The nonprofit industry, like all others in the wake of the digital revolution, is evolving rapidly. Skills and innate traits that nonprofit leaders used to possess might still be relevant, but they are not what the board is looking for. Nowadays, it’s all about being an inspiring figure by nature, and a born business man.

After all, you should look at a nonprofit as you would any company in need of various types of resources, a steady influx of clients, and a compelling brand identity. Its leader, naturally, should be the person that will help the organization meet its goals, grow over time, and pave the road to a successful future. Here are the five skills every nonprofit leader should possess in the modern marketplace.



Be a visionary thinker

First and foremost, a leadership title should not be confused with a boss title. These have two very different job descriptions. The former will be responsible for devising and effectuating the nonprofit’s long-term vision and goals, while the latter will work directly under to make sure the adequate tactics are in place.

Therefore, the leader needs to be a visionary thinker who will have a set of concrete long-term goals for the organization. In the past, organizational structures would have put the task of defining a vision for the nonprofit into the hands of the board, but nowadays, boards are increasingly expecting of their executives to come forward with a sound vision and a concrete plan. You will, therefore, need to motivate, inspire, and persuade experienced board members to follow your vision.



Have the ability to build a brand

In the modern business world, a company without a brand is just another name in the competitive marketplace that will fail to reach its true potential. The modern consumer needs and wants to do business with a company that portrays a certain set of values, a company they can relate to on a deeper, personal level. You need to be able to build a powerful brand identity.
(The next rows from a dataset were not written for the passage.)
lemma horizontal_normal_steep:
  fixes T :: "'a::real_inner \<Rightarrow> real"
  assumes "(\<zeta>, 0) \<in> proximal_normal (epi \<Omega> T) (xbar, T xbar)" "\<zeta> \<noteq> 0"
  obtains s\<^sub>0 where "0 < s\<^sub>0" "\<And>s. 0 < s \<Longrightarrow> s < s\<^sub>0 \<Longrightarrow> xbar + s *\<^sub>R \<zeta> \<in> \<Omega> \<Longrightarrow>
    M * (s * norm \<zeta>) < \<bar>T (xbar + s *\<^sub>R \<zeta>) - T xbar\<bar>"
proof -
  obtain \<sigma> where "0 \<le> \<sigma>" and \<sigma>: "\<And>w. w \<in> epi \<Omega> T \<Longrightarrow>
      inner (\<zeta>, 0) (w - (xbar, T xbar)) \<le> \<sigma> * (norm (w - (xbar, T xbar)))\<^sup>2"
    using assms(1) unfolding proximal_normal_def by blast
  define c where "c = (\<sigma> + 1) * (M\<^sup>2 + 1)"
  have "0 < c" unfolding c_def using \<open>0 \<le> \<sigma>\<close> by (simp add: add_nonneg_pos)
  show ?thesis
  proof
    show "0 < 1 / c" using \<open>0 < c\<close> by simp
    fix s assume s: "0 < s" "s < 1 / c" "xbar + s *\<^sub>R \<zeta> \<in> \<Omega>"
    define D where "D = T (xbar + s *\<^sub>R \<zeta>) - T xbar"
    define a where "a = (norm \<zeta>)\<^sup>2"
    have "0 < a" unfolding a_def using assms(2) by simp
    have "s * a \<le> \<sigma> * (s\<^sup>2 * a + D\<^sup>2)"
      using \<sigma>[of "(xbar + s *\<^sub>R \<zeta>, T (xbar + s *\<^sub>R \<zeta>))"] s(3)
      unfolding epi_def a_def D_def by (simp add: norm_Pair power_mult_distrib power2_norm_eq_inner)
    show "M * (s * norm \<zeta>) < \<bar>D\<bar>"
    proof (rule ccontr)
      assume "\<not> M * (s * norm \<zeta>) < \<bar>D\<bar>"
      then have "\<bar>D\<bar>\<^sup>2 \<le> (M * (s * norm \<zeta>))\<^sup>2" by (intro power_mono) auto
      then have D: "D\<^sup>2 \<le> M\<^sup>2 * s\<^sup>2 * a" unfolding a_def by (simp add: power_mult_distrib)
      have "s * a \<le> \<sigma> * (s\<^sup>2 * a + D\<^sup>2)" by fact
      also have "\<dots> \<le> \<sigma> * (s\<^sup>2 * a + M\<^sup>2 * s\<^sup>2 * a)"
        using D \<open>0 \<le> \<sigma>\<close> by (intro mult_left_mono) auto
      also have "\<dots> \<le> (\<sigma> + 1) * (s\<^sup>2 * a + M\<^sup>2 * s\<^sup>2 * a)"
        using \<open>0 < a\<close> by (intro mult_right_mono) auto
      also have "\<dots> = (s * a) * (s * c)" unfolding c_def by (simp add: power2_eq_square algebra_simps)
      finally have "1 \<le> s * c" using \<open>0 < s\<close> \<open>0 < a\<close> by simp
      then show False using s(2) \<open>0 < c\<close> by (simp add: field_simps)
    qed
  qed
qed

lemma horizontal_normal_imp_non_lipschitz_at:
  fixes T :: "'a::real_inner \<Rightarrow> real"
  assumes "open \<Omega>" "xbar \<in> \<Omega>" "\<zeta> \<noteq> 0" "(\<zeta>, 0) \<in> proximal_normal (epi \<Omega> T) (xbar, T xbar)"
  shows "non_lipschitz_at \<Omega> T xbar"
proof -
  obtain \<rho> where "0 < \<rho>" "ball xbar \<rho> \<subseteq> \<Omega>" using assms(1,2) open_contains_ball by blast
  define s where "s k = \<rho> / (2 * norm \<zeta>) * inverse (real (Suc k))" for k
  define ys where "ys k = xbar + s k *\<^sub>R \<zeta>" for k
  have s_pos: "0 < s k" for k unfolding s_def using \<open>0 < \<rho>\<close> assms(3) by simp
  have "s \<longlonglongrightarrow> 0" unfolding s_def by (intro tendsto_mult_right_zero LIMSEQ_inverse_real_of_nat)
  have ys: "ys k \<in> \<Omega>" for k
  proof -
    have "s k * norm \<zeta> = \<rho> / 2 * inverse (real (Suc k))" unfolding s_def using assms(3) by simp
    also have "\<dots> \<le> \<rho> / 2" using \<open>0 < \<rho>\<close> by (intro mult_left_le) (auto simp: field_simps)
    finally have "s k * norm \<zeta> \<le> \<rho> / 2" .
    then show ?thesis using \<open>ball xbar \<rho> \<subseteq> \<Omega>\<close> \<open>0 < \<rho>\<close> s_pos[of k]
      unfolding ys_def by (auto simp: dist_norm)
  qed
  have "ys \<longlonglongrightarrow> xbar + 0 *\<^sub>R \<zeta>" unfolding ys_def by (intro tendsto_intros \<open>s \<longlonglongrightarrow> 0\<close>)
  then have "ys \<longlonglongrightarrow> xbar" by simp
  define R where "R k = \<bar>T (ys k) - T xbar\<bar> / norm (ys k - xbar)" for k
  have "eventually (\<lambda>k. ereal M < ereal (R k)) sequentially" for M
  proof -
    obtain s\<^sub>0 where "0 < s\<^sub>0" and steep: "\<And>s. 0 < s \<Longrightarrow> s < s\<^sub>0 \<Longrightarrow> xbar + s *\<^sub>R \<zeta> \<in> \<Omega> \<Longrightarrow>
        M * (s * norm \<zeta>) < \<bar>T (xbar + s *\<^sub>R \<zeta>) - T xbar\<bar>"
      using horizontal_normal_steep[OF assms(4,3), where M = M] by blast
    show ?thesis using order_tendstoD(2)[OF \<open>s \<longlonglongrightarrow> 0\<close> \<open>0 < s\<^sub>0\<close>]
    proof (rule eventually_mono)
      fix k assume "s k < s\<^sub>0"
      then have "M * (s k * norm \<zeta>) < \<bar>T (ys k) - T xbar\<bar>"
        using steep s_pos ys unfolding ys_def by blast
      then show "ereal M < ereal (R k)"
        unfolding R_def ys_def using s_pos[of k] assms(3) by (simp add: field_simps)
    qed
  qed
  then have "limsup (\<lambda>k. ereal (R k)) = \<infinity>"
    by (intro lim_imp_Limsup) (auto simp: tendsto_PInfty)
  moreover have "ys k \<noteq> xbar" for k unfolding ys_def using s_pos[of k] assms(3) by simp
  ultimately show ?thesis unfolding non_lipschitz_at_def R_def
    using assms(2) ys \<open>ys \<longlonglongrightarrow> xbar\<close>
    by (intro exI[of _ "\<lambda>_. xbar"] exI[of _ ys]) auto
qed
Chief Branding Officers (CBOs) are instrumental figures in the creation and execution of a strong branding strategy that will capture the attention of the consumer market, inspire them to take action, and aid your cause. To achieve these goals, your brand will need to have an appealing, modern visual identity, it will have to have a set of values portrayed by a comprehensive content marketing strategy, and it will have to have a strong online presence. Remember, brand dissemination is your gateway to the global marketplace, and a means to a solvent future.
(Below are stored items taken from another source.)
lemma pinned_frame_matrix:
  fixes u q :: "nat \<Rightarrow> (real, 'd::{finite,linorder}) vec"
  assumes orth: "orthonormal_upto CARD('d) u"
    and span: "\<And>i. 2 \<le> i \<Longrightarrow> i \<le> l + 1 \<Longrightarrow> q i - q 1 \<in> span (u ` {..<i - 1})"
  shows "pinned l (\<lambda>i. frame_matrix u *v (q i - q 1))"
  unfolding pinned_def
proof (intro conjI allI impI)
  show "frame_matrix u *v (q 1 - q 1) = 0"
    by simp
  fix i assume i: "2 \<le> i \<and> i \<le> l + 1"
  show "frame_matrix u *v (q i - q 1) \<in> span ((\<lambda>j. axis j 1) ` first_coords (i - 1))"
  proof (rule in_span_axis)
    fix j :: 'd assume "j \<notin> first_coords (i - 1)"
    then have "i - 1 \<le> coord_index j"
      by (simp add: mem_first_coords_iff)
    have "orthogonal (u (coord_index j)) (u k)" if "k < i - 1" for k
    proof -
      have "k < CARD('d)" "k \<noteq> coord_index j"
        using that \<open>i - 1 \<le> coord_index j\<close> coord_index_less[of j] by linarith+
      then show ?thesis
        using orth by (simp add: orthonormal_upto_def orthogonal_def)
    qed
    then have "orthogonal (u (coord_index j)) (q i - q 1)"
      using orthogonal_to_span span i by blast
    then show "(frame_matrix u *v (q i - q 1)) $ j = 0"
      by (simp add: frame_matrix_mult_nth orthogonal_def)
  qed
qed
Have Knowledge of business and personal finances

Finance management is one of the most important skills a leader of a nonprofit organization should have. For better or worse, every nonprofit will share some common points with traditional commercial businesses, such as the need to secure operating capital. This is why you as a leader need to be on top of personal and business finances at all times.

The problem with running a nonprofit is that leaders oftentimes resort to using their personal finances to kick-start a marketing campaign or bring in new staff members. As a true leader, you might feel inclined to do it, but not at the cost of your own livelihood. That’s why it’s essential to have personal loans as financing option in mind during those early stages of financing your nonprofit, in order to preserve your personal operating capital.
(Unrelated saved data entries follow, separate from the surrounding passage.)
(* Let $\mathcal{C}$ be a category, $D \colon \mathcal{I} \to \mathcal{C}$ and $E \colon \mathcal{J} \to \mathcal{C}$ diagrams, $H \colon \mathcal{I}' \to \mathcal{I}$ a final functor and $K \colon \mathcal{J}' \to \mathcal{J}$ an initial functor. Then for any cocone $p \colon D \to \Delta V$ and any cone $q \colon \Delta W \to E$, we have $p \perp q$ if and only if $pH \perp qK$.
   Context: A cocone under $D$ with vertex $V$ is a natural transformation $p \colon D \to \Delta V$; a cone over $E$ with vertex $W$ is a natural transformation $q \colon \Delta W \to E$; $pH \colon DH \to \Delta V$ and $qK \colon \Delta W \to EK$ denote whiskerings. A cylinder $D \rightsquigarrow E$ is a family $r_{ij} \colon Di \to Ej$ natural in $(i,j)$; $q\cdot h$ for a cocone $h\colon D\to\Delta W$ and cone $q\colon \Delta W\to E$ is the cylinder with components $q_jh_i$. Orthogonality $p \perp q$ means: for every cocone $h \colon D \to \Delta W$ and cone $k \colon \Delta V \to E$ with $q \cdot h = k \cdot p$ as cylinders, there is a unique $j \colon V \to W$ with $j \cdot p = h$ and $q \cdot j = k$. A functor $K \colon \mathcal{J}' \to \mathcal{J}$ is initial if each comma category $K/j$ is connected (nonempty and connected); $H \colon \mathcal{I}' \to \mathcal{I}$ is final if each comma category $i/H$ is connected. *)

theory Defs
  imports Main
begin

text \<open>Comp C g f denotes the composite g after f (defined when Cod f = Dom g).\<close>

record ('o, 'a) cat =
  Obj  :: "'o set"
  Arr  :: "'a set"
  Dom  :: "'a \<Rightarrow> 'o"
  Cod  :: "'a \<Rightarrow> 'o"
  Idn  :: "'o \<Rightarrow> 'a"
  Comp :: "'a \<Rightarrow> 'a \<Rightarrow> 'a"

definition hom :: "('o, 'a) cat \<Rightarrow> 'o \<Rightarrow> 'o \<Rightarrow> 'a set" where
  "hom C x y = {f \<in> Arr C. Dom C f = x \<and> Cod C f = y}"

definition category :: "('o, 'a) cat \<Rightarrow> bool" where
  "category C \<longleftrightarrow>
     (\<forall>f \<in> Arr C. Dom C f \<in> Obj C \<and> Cod C f \<in> Obj C) \<and>
     (\<forall>x \<in> Obj C. Idn C x \<in> hom C x x) \<and>
     (\<forall>f \<in> Arr C. \<forall>g \<in> Arr C. Cod C f = Dom C g \<longrightarrow>
         Comp C g f \<in> hom C (Dom C f) (Cod C g)) \<and>
     (\<forall>f \<in> Arr C. Comp C f (Idn C (Dom C f)) = f \<and> Comp C (Idn C (Cod C f)) f = f) \<and>
     (\<forall>f \<in> Arr C. \<forall>g \<in> Arr C. \<forall>h \<in> Arr C. Cod C f = Dom C g \<longrightarrow> Cod C g = Dom C h \<longrightarrow>
         Comp C h (Comp C g f) = Comp C (Comp C h g) f)"

record ('o1, 'a1, 'o2, 'a2) ftor =
  fobj :: "'o1 \<Rightarrow> 'o2"
  farr :: "'a1 \<Rightarrow> 'a2"

definition is_functor :: "('o1, 'a1) cat \<Rightarrow> ('o2, 'a2) cat \<Rightarrow> ('o1, 'a1, 'o2, 'a2) ftor \<Rightarrow> bool" where
  "is_functor A B F \<longleftrightarrow> category A \<and> category B \<and>
     (\<forall>x \<in> Obj A. fobj F x \<in> Obj B) \<and>
     (\<forall>f \<in> Arr A. farr F f \<in> hom B (fobj F (Dom A f)) (fobj F (Cod A f))) \<and>
     (\<forall>x \<in> Obj A. farr F (Idn A x) = Idn B (fobj F x)) \<and>
     (\<forall>f \<in> Arr A. \<forall>g \<in> Arr A. Cod A f = Dom A g \<longrightarrow>
         farr F (Comp A g f) = Comp B (farr F g) (farr F f))"

definition fcomp :: "('o2, 'a2, 'o3, 'a3) ftor \<Rightarrow> ('o1, 'a1, 'o2, 'a2) ftor \<Rightarrow> ('o1, 'a1, 'o3, 'a3) ftor" where
  "fcomp G F = \<lparr>fobj = fobj G \<circ> fobj F, farr = farr G \<circ> farr F\<rparr>"

definition cocone :: "('o, 'a) cat \<Rightarrow> ('io, 'ia) cat \<Rightarrow> ('io, 'ia, 'o, 'a) ftor \<Rightarrow> 'o \<Rightarrow> ('io \<Rightarrow> 'a) \<Rightarrow> bool" where
  "cocone C I D V p \<longleftrightarrow> V \<in> Obj C \<and>
     (\<forall>i \<in> Obj I. p i \<in> hom C (fobj D i) V) \<and>
     (\<forall>u \<in> Arr I. Comp C (p (Cod I u)) (farr D u) = p (Dom I u))"

definition cone :: "('o, 'a) cat \<Rightarrow> ('jo, 'ja) cat \<Rightarrow> ('jo, 'ja, 'o, 'a) ftor \<Rightarrow> 'o \<Rightarrow> ('jo \<Rightarrow> 'a) \<Rightarrow> bool" where
  "cone C J E W q \<longleftrightarrow> W \<in> Obj C \<and>
     (\<forall>j \<in> Obj J. q j \<in> hom C W (fobj E j)) \<and>
     (\<forall>v \<in> Arr J. Comp C (farr E v) (q (Dom J v)) = q (Cod J v))"

text \<open>Equality of the cylinders q\<cdot>h and k\<cdot>p means componentwise equality q_j h_i = k_j p_i.\<close>
definition orthogonal ::
  "('o, 'a) cat \<Rightarrow> ('io, 'ia) cat \<Rightarrow> ('jo, 'ja) cat \<Rightarrow>
   ('io, 'ia, 'o, 'a) ftor \<Rightarrow> ('jo, 'ja, 'o, 'a) ftor \<Rightarrow>
   'o \<Rightarrow> ('io \<Rightarrow> 'a) \<Rightarrow> 'o \<Rightarrow> ('jo \<Rightarrow> 'a) \<Rightarrow> bool" where
  "orthogonal C I J D E V p W q \<longleftrightarrow>
     (\<forall>h k. cocone C I D W h \<longrightarrow> cone C J E V k \<longrightarrow>
        (\<forall>i \<in> Obj I. \<forall>j \<in> Obj J. Comp C (q j) (h i) = Comp C (k j) (p i)) \<longrightarrow>
        (\<exists>!t. t \<in> hom C V W \<and>
              (\<forall>i \<in> Obj I. Comp C t (p i) = h i) \<and>
              (\<forall>j \<in> Obj J. Comp C (q j) t = k j)))"

text \<open>Connectedness of a comma category given by its object set X and the relation
  R of pairs of objects joined by a morphism: nonempty, and any two objects are joined
  by a zigzag.\<close>
definition connected_rel :: "'x set \<Rightarrow> ('x \<times> 'x) set \<Rightarrow> bool" where
  "connected_rel X R \<longleftrightarrow> X \<noteq> {} \<and>
     (\<forall>x \<in> X. \<forall>y \<in> X. (x, y) \<in> ((R \<inter> (X \<times> X)) \<union> (R \<inter> (X \<times> X))\<inverse>)\<^sup>*)"

text \<open>Comma category i/H for H : I' \<rightarrow> I: objects (i', u) with u : i \<rightarrow> H i';
  a morphism (i', u) \<rightarrow> (i'', u') is f : i' \<rightarrow> i'' with H f \<circ> u = u'.\<close>
definition under_obj :: "('io, 'ia) cat \<Rightarrow> ('jo, 'ja) cat \<Rightarrow> ('jo, 'ja, 'io, 'ia) ftor \<Rightarrow> 'io \<Rightarrow> ('jo \<times> 'ia) set" where
  "under_obj I I' H i = {(i', u). i' \<in> Obj I' \<and> u \<in> hom I i (fobj H i')}"

definition under_rel :: "('io, 'ia) cat \<Rightarrow> ('jo, 'ja) cat \<Rightarrow> ('jo, 'ja, 'io, 'ia) ftor \<Rightarrow> 'io \<Rightarrow> (('jo \<times> 'ia) \<times> ('jo \<times> 'ia)) set" where
  "under_rel I I' H i = {((i', u), (i'', u')). \<exists>f \<in> hom I' i' i''. Comp I (farr H f) u = u'}"

definition final_functor :: "('jo, 'ja) cat \<Rightarrow> ('io, 'ia) cat \<Rightarrow> ('jo, 'ja, 'io, 'ia) ftor \<Rightarrow> bool" where
  "final_functor I' I H \<longleftrightarrow> is_functor I' I H \<and>
     (\<forall>i \<in> Obj I. connected_rel (under_obj I I' H i) (under_rel I I' H i))"

text \<open>Comma category K/j for K : J' \<rightarrow> J: objects (j', v) with v : K j' \<rightarrow> j;
  a morphism (j', v) \<rightarrow> (j'', v') is f : j' \<rightarrow> j'' with v' \<circ> K f = v.\<close>
definition over_obj :: "('io, 'ia) cat \<Rightarrow> ('jo, 'ja) cat \<Rightarrow> ('jo, 'ja, 'io, 'ia) ftor \<Rightarrow> 'io \<Rightarrow> ('jo \<times> 'ia) set" where
  "over_obj J J' K j = {(j', v). j' \<in> Obj J' \<and> v \<in> hom J (fobj K j') j}"

definition over_rel :: "('io, 'ia) cat \<Rightarrow> ('jo, 'ja) cat \<Rightarrow> ('jo, 'ja, 'io, 'ia) ftor \<Rightarrow> 'io \<Rightarrow> (('jo \<times> 'ia) \<times> ('jo \<times> 'ia)) set" where
  "over_rel J J' K j = {((j', v), (j'', v')). \<exists>f \<in> hom J' j' j''. Comp J v' (farr K f) = v}"

definition initial_functor :: "('jo, 'ja) cat \<Rightarrow> ('io, 'ia) cat \<Rightarrow> ('jo, 'ja, 'io, 'ia) ftor \<Rightarrow> bool" where
  "initial_functor J' J K \<longleftrightarrow> is_functor J' J K \<and>
     (\<forall>j \<in> Obj J. connected_rel (over_obj J J' K j) (over_rel J J' K j))"

end

theory Submission
  imports Defs
begin

text \<open>Precomposing with a final functor H induces a bijection between cocones under D
  and cocones under DH: a cocone g under DH extends by h i = g i' \<circ> D u for any
  u : i \<rightarrow> H i', which is well defined because i/H is connected, and two cocones under D
  agreeing on the image of H agree everywhere because i/H is nonempty. Both the
  commutative squares q \<cdot> h = k \<cdot> p and the equations t \<cdot> p = h are conditions on cocones
  under D, so they are unaffected by restricting along H; hence p \<perp> q iff pH \<perp> q.
  The statement for cones along an initial functor K is the dual one, obtained by passing
  to opposite categories, where p \<perp> q becomes q \<perp> p.\<close>

lemma arr_in_hom: "f \<in> Arr C \<Longrightarrow> f \<in> hom C (Dom C f) (Cod C f)"
  unfolding hom_def by auto

lemma comp_in_hom:
  "category C \<Longrightarrow> f \<in> hom C a b \<Longrightarrow> g \<in> hom C b c \<Longrightarrow> Comp C g f \<in> hom C a c"
  unfolding category_def hom_def by auto

lemma comp_assoc:
  "category C \<Longrightarrow> f \<in> hom C a b \<Longrightarrow> g \<in> hom C b c \<Longrightarrow> h \<in> hom C c d \<Longrightarrow>
   Comp C h (Comp C g f) = Comp C (Comp C h g) f"
  unfolding category_def hom_def by auto

lemma comp_id_right: "category C \<Longrightarrow> f \<in> hom C a b \<Longrightarrow> Comp C f (Idn C a) = f"
  unfolding category_def hom_def by auto

lemma id_in_hom: "category C \<Longrightarrow> a \<in> Obj C \<Longrightarrow> Idn C a \<in> hom C a a"
  unfolding category_def by auto

lemma hom_obj_cod: "category C \<Longrightarrow> f \<in> hom C a b \<Longrightarrow> b \<in> Obj C"
  unfolding category_def hom_def by auto

lemma functor_category_dom: "is_functor A B F \<Longrightarrow> category A"
  and functor_category_cod: "is_functor A B F \<Longrightarrow> category B"
  unfolding is_functor_def by auto

lemma functor_obj: "is_functor A B F \<Longrightarrow> x \<in> Obj A \<Longrightarrow> fobj F x \<in> Obj B"
  unfolding is_functor_def by auto

lemma functor_hom:
  "is_functor A B F \<Longrightarrow> f \<in> hom A x y \<Longrightarrow> farr F f \<in> hom B (fobj F x) (fobj F y)"
  unfolding is_functor_def hom_def by auto

lemma functor_comp:
  "is_functor A B F \<Longrightarrow> f \<in> hom A x y \<Longrightarrow> g \<in> hom A y z \<Longrightarrow>
   farr F (Comp A g f) = Comp B (farr F g) (farr F f)"
  unfolding is_functor_def hom_def by auto

lemma functor_id: "is_functor A B F \<Longrightarrow> x \<in> Obj A \<Longrightarrow> farr F (Idn A x) = Idn B (fobj F x)"
  unfolding is_functor_def by auto

lemma final_functor_functor: "final_functor I' I H \<Longrightarrow> is_functor I' I H"
  unfolding final_functor_def by auto

lemma final_functor_under_ne:
  assumes "final_functor I' I H" "i \<in> Obj I"
  obtains i' u where "i' \<in> Obj I'" "u \<in> hom I i (fobj H i')"
  using assms unfolding final_functor_def connected_rel_def under_obj_def by fastforce

lemma connected_rel_const:
  assumes "connected_rel X R"
    and "\<And>x y. x \<in> X \<Longrightarrow> y \<in> X \<Longrightarrow> (x, y) \<in> R \<Longrightarrow> \<phi> x = \<phi> y"
    and "x \<in> X" "y \<in> X"
  shows "\<phi> x = \<phi> y"
proof -
  have "(x, y) \<in> ((R \<inter> (X \<times> X)) \<union> (R \<inter> (X \<times> X))\<inverse>)\<^sup>*"
    using assms(1,3,4) unfolding connected_rel_def by auto
  then show ?thesis
    by (induction rule: rtrancl_induct) (use assms(2) in auto)
qed

lemma connected_rel_converse: "connected_rel X (R\<inverse>) \<longleftrightarrow> connected_rel X R"
proof -
  have "(R\<inverse> \<inter> (X \<times> X)) \<union> (R\<inverse> \<inter> (X \<times> X))\<inverse> = (R \<inter> (X \<times> X)) \<union> (R \<inter> (X \<times> X))\<inverse>"
    by auto
  then show ?thesis
    unfolding connected_rel_def by simp
qed

lemma cocone_hom: "cocone C I D V p \<Longrightarrow> i \<in> Obj I \<Longrightarrow> p i \<in> hom C (fobj D i) V"
  unfolding cocone_def by auto

lemma cocone_nat: "cocone C I D V p \<Longrightarrow> u \<in> hom I i j \<Longrightarrow> Comp C (p j) (farr D u) = p i"
  unfolding cocone_def hom_def by auto

lemma cone_hom: "cone C J E W q \<Longrightarrow> j \<in> Obj J \<Longrightarrow> q j \<in> hom C W (fobj E j)"
  unfolding cone_def by auto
Focus on establishing a stable financial structure with fundraising, grants, and trading, in order to create a comprehensive financial structure for the organization. Keep in mind though, that effectuating these strategies will require an initial investment capital.



Be an inspiring figure

Being an inspiring leader and building a compelling personality takes time, effort, and plenty of practice. This is a mixture of long-term experience in the game, practicing your soft skills in a myriad of different situations, and having the professional knowledge to back your appealing persona up with credibility and a viable business plan.

Portraying an inspirational figure to the board and the market will be crucial for getting people to side with you and your organization, incentivize them to support your cause, and spread the word of your good deeds to the rest of the world. Practice your soft skills, and back them up with concrete knowledge of the industry, as well as finance and growth management.


Have a knack for entrepreneurship

We live in an entrepreneurial world, and nowadays leaders in the nonprofit sector are required to show their ability to lead a “company” forward no matter the economic climate, or the prevailing trends in the market. As a leader with a distinct entrepreneurial spirit, it will be your duty to secure long-term financing for your nonprofit through partnerships and investments, and show the world how much good your organization is doing through effective PR, annual and biannual reports, and meticulous stakeholder management.


In the nonprofit arena, the organization’s leader can make all the difference. With sound leadership and careful implementation of these five traits, you should have no problem building and leading a successful nonprofit organization that will echo throughout the industry.